## AIM OF THE TASK
All lines in the data bearing the string "noteq" should be identified and copied.

## PROVIDED INFORMATION
(* Let $p,r$ be positive integers and $s=p+2r$. Let $\Phi:U_{ps}(\mathbb{R})\to\mathbb{C}^{r\times p}$ be the map $\Phi(X)=WA^{-1}$, where for $X=(X_0;X_1;X_2;X_3)$ (blocks of $p,p,r,r$ rows) $A=X_0-X_1$ and $W=X_2+iX_3$. Then the complex valued components of $\Phi$ form an orthogonal harmonic family of $\mathbf{GL}_p(\mathbb{R})$-invariant functions on $U_{ps}(\mathbb{R})$, equipped with the semi-Euclidean metric.
   Context: $U_{ps}(\mathbb{R})=\{X\in\mathbb{R}^{(p+s)\times p}: -X_0^tX_0+X_1^tX_1+X_2^tX_2+X_3^tX_3 \text{ is negative definite}\}$; on it $A$ is invertible. $\mathbf{GL}_p(\mathbb{R})$ acts by right multiplication. The semi-Euclidean metric is $(X,Y)=\mathrm{trace}(X^t\mathrm{diag}(-I_p,I_s)Y)$. For a semi-Riemannian manifold $(M,g)$ and complex functions $\phi,\psi$, $\tau(\phi)$ is the Laplace–Beltrami operator (extended complex-linearly) and $\kappa(\phi,\psi)=g(\mathrm{grad}\,\phi,\mathrm{grad}\,\psi)$ with $g$ extended complex-bilinearly. A set $\Omega$ of complex functions is an orthogonal harmonic family if $\tau(\phi)=0$ and $\kappa(\phi,\psi)=0$ for all $\phi,\psi\in\Omega$. *)

theory Defs
  imports "HOL-Analysis.Analysis"
begin

text \<open>Matrices X in R^((p+s) x p), s = p + 2r, are modelled as real^'p^'row with
  row index type 'row = ('p + 'p) + ('r + 'r): the row blocks X0, X1, X2, X3 are
  the rows Inl (Inl i), Inl (Inr i), Inr (Inl k), Inr (Inr k).  p = CARD('p), r = CARD('r).\<close>

type_synonym ('p, 'r) rowidx = "('p + 'p) + ('r + 'r)"
type_synonym ('p, 'r) mat = "real ^ 'p ^ ('p, 'r) rowidx"

definition blk0 :: "('p::finite, 'r::finite) mat \<Rightarrow> real ^ 'p ^ 'p" where
  "blk0 X = (\<chi> i j. X $ Inl (Inl i) $ j)"
definition blk1 :: "('p::finite, 'r::finite) mat \<Rightarrow> real ^ 'p ^ 'p" where
  "blk1 X = (\<chi> i j. X $ Inl (Inr i) $ j)"
definition blk2 :: "('p::finite, 'r::finite) mat \<Rightarrow> real ^ 'p ^ 'r" where
  "blk2 X = (\<chi> k j. X $ Inr (Inl k) $ j)"
definition blk3 :: "('p::finite, 'r::finite) mat \<Rightarrow> real ^ 'p ^ 'r" where
  "blk3 X = (\<chi> k j. X $ Inr (Inr k) $ j)"

definition neg_def :: "real ^ 'n ^ 'n \<Rightarrow> bool" where
  "neg_def M \<longleftrightarrow> (\<forall>v::real^'n. v \<noteq> 0 \<longrightarrow> v \<bullet> (M *v v) < 0)"

definition U_ps :: "('p::finite, 'r::finite) mat set" where
  "U_ps = {X. neg_def (- (transpose (blk0 X) ** blk0 X) + transpose (blk1 X) ** blk1 X
                       + transpose (blk2 X) ** blk2 X + transpose (blk3 X) ** blk3 X)}"

definition Phi :: "('p::finite, 'r::finite) mat \<Rightarrow> 'r \<Rightarrow> 'p \<Rightarrow> complex" where
  "Phi X k l = (let A = blk0 X - blk1 X; Ai = matrix_inv A in
     (\<Sum>m\<in>UNIV. (complex_of_real (blk2 X $ k $ m) + \<i> * complex_of_real (blk3 X $ k $ m))
                 * complex_of_real (Ai $ m $ l)))"

text \<open>Semi-Euclidean metric (X,Y) = trace(X^t diag(-I_p, I_s) Y): the coordinate
  X_{a j} has sign -1 if row a lies in the first block, +1 otherwise.  The
  coordinates X_{a j} are orthonormal for this flat metric.\<close>
definition sgn_row :: "('p, 'r) rowidx \<Rightarrow> real" where
  "sgn_row a = (case a of Inl (Inl _) \<Rightarrow> -1 | _ \<Rightarrow> 1)"
lemma hermitian_qform_max_imp_orthogonal:
  fixes K :: "complex^'n^'n"
  assumes K: "hermitian_mat K" and W: "subspace W" "\<And>y. y \<in> W \<Longrightarrow> \<i> *s y \<in> W"
    and nonpos: "\<And>x. x \<in> W \<Longrightarrow> Re (qform K x) \<le> 0"
    and v: "v \<in> W" "Re (qform K v) = 0" and y: "y \<in> W"
  shows "cinner y (K *v v) = 0"
proof -
  have Re_zero: "Re (cinner z (K *v v)) = 0" if z: "z \<in> W" for z
  proof (rule quadratic_nonpos_imp_linear_coeff_zero[where q = "Re (qform K z)"])
    fix s :: real
    have "v + s *\<^sub>R z \<in> W" using W(1) v(1) z by (simp add: subspace_add subspace_scale)
    then show "2 * s * Re (cinner z (K *v v)) + s\<^sup>2 * Re (qform K z) \<le> 0"
      using nonpos Re_qform_add_scaleR[OF K, of v s z] v(2) by fastforce
  qed
  show ?thesis
    using Re_zero[OF y] Re_zero[OF W(2)[OF y]]
    by (intro complex_eq_0_if_Re_eq_0_scaled_ii) (simp_all add: cinner_smult_left)
qed

lemma pos_semidef_kernel:
  assumes "pos_semidef A" and "Re (qform A x) = 0"
  shows "A *v x = 0"
proof -
  have h: "hermitian_mat (- A)" using assms(1)
    by (simp add: pos_semidef_def hermitian_mat_def cadjoint_def vec_eq_iff)
  have neg: "(- A) *v z = - (A *v z)" for z
    by (simp add: matrix_vector_mult_def vec_eq_iff sum_negf)
  \<comment> \<open>\<open>x\<close> maximises the form of \<open>- A\<close>, so \<open>A x\<close> is orthogonal to everything.\<close>
  have "cinner (A *v x) ((- A) *v x) = 0"
    using assms by (intro hermitian_qform_max_imp_orthogonal[OF h, of UNIV])
      (auto simp: qform_cinner neg cinner_def sum_negf pos_semidef_def)
  then have "cinner (A *v x) (A *v x) = 0"
    by (simp add: neg cinner_def sum_negf)
  then show ?thesis by (simp add: cinner_self_eq_0)
qed

lemma pos_def_imp_pos_semidef: "pos_def A \<Longrightarrow> pos_semidef A"
  unfolding pos_def_def pos_semidef_def
  by (metis less_eq_real_def order_refl qform_zero zero_complex.sel(1))

lemma pos_def_hermitian: "pos_def A \<Longrightarrow> cadjoint A = A"
  by (simp add: pos_def_def hermitian_mat_def)

lemma pos_def_injective:
  assumes "pos_def A" and "A *v x = 0"
  shows "x = 0"
  using assms unfolding pos_def_def qform_def by (auto simp: sum.neutral)

lemma pos_def_invertible:
  assumes "pos_def A"
  shows "invertible A"
proof -
  have "inj ((*v) A)"
  proof (rule injI)
    fix x y assume "A *v x = A *v y"
    then have "A *v (x - y) = 0" by (simp add: matrix_vector_mult_diff_distrib)
    then show "x = y" using pos_def_injective[OF assms] right_minus_eq by metis
  qed
  then show ?thesis using matrix_left_invertible_injective invertible_left_inverse by blast
qed

lemma pos_def_congruence:
  fixes A B :: "complex^'n^'n"
  assumes "pos_def A" and "invertible B"
  shows "pos_def (cadjoint B ** A ** B)"
  unfolding pos_def_def
proof safe
  show "hermitian_mat (cadjoint B ** A ** B)"
    using assms(1) by (simp add: pos_def_def hermitian_mat_congruence)
  fix x :: "complex^'n" assume "x \<noteq> 0"
  then have "B *v x \<noteq> 0"
    using inj_matrix_vector_mult[OF assms(2)] by (metis injD matrix_vector_mult_0_right)
  then show "0 < Re (qform (cadjoint B ** A ** B) x)"
    using assms(1) by (simp add: qform_congruence pos_def_def)
qed

lemma pos_semidef_congruence:
  "pos_semidef A \<Longrightarrow> pos_semidef (cadjoint B ** A ** B)"
  by (simp add: pos_semidef_def hermitian_mat_congruence qform_congruence)

lemma pos_def_mat_1: "pos_def (mat 1 :: complex^'n^'n)"
  by (simp add: pos_def_def hermitian_mat_def qform_cinner Re_cinner)

lemma pos_def_convex_comb:
  fixes A B :: "complex^'n^'n"
  assumes "pos_def A" and "pos_def B" and "0 \<le> a" and "0 \<le> b" and "0 < a + b"
  shows "pos_def (a *\<^sub>R A + b *\<^sub>R B)"
  unfolding pos_def_def
proof safe
  show "hermitian_mat (a *\<^sub>R A + b *\<^sub>R B)"
    using assms(1,2) by (simp add: pos_def_def hermitian_mat_def cadjoint_add cadjoint_scaleR)
  fix x :: "complex^'n" assume "x \<noteq> 0"
  then have "0 < Re (qform A x)" and "0 < Re (qform B x)"
    using assms(1,2) by (auto simp: pos_def_def)
  then have "0 < a * Re (qform A x) + b * Re (qform B x)"
    using assms(3-5) by (cases "a = 0") (simp_all add: add_pos_nonneg)
  then show "0 < Re (qform (a *\<^sub>R A + b *\<^sub>R B) x)"
    by (simp add: qform_add qform_scaleR)
qed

## ANSWER FOR THIS EXERCISE
  "neg_def M \<longleftrightarrow> (\<forall>v::real^'n. v \<noteq> 0 \<longrightarrow> v \<bullet> (M *v v) < 0)"
  fix x :: "complex^'n" assume "x \<noteq> 0"
  then have "B *v x \<noteq> 0"
  fix x :: "complex^'n" assume "x \<noteq> 0"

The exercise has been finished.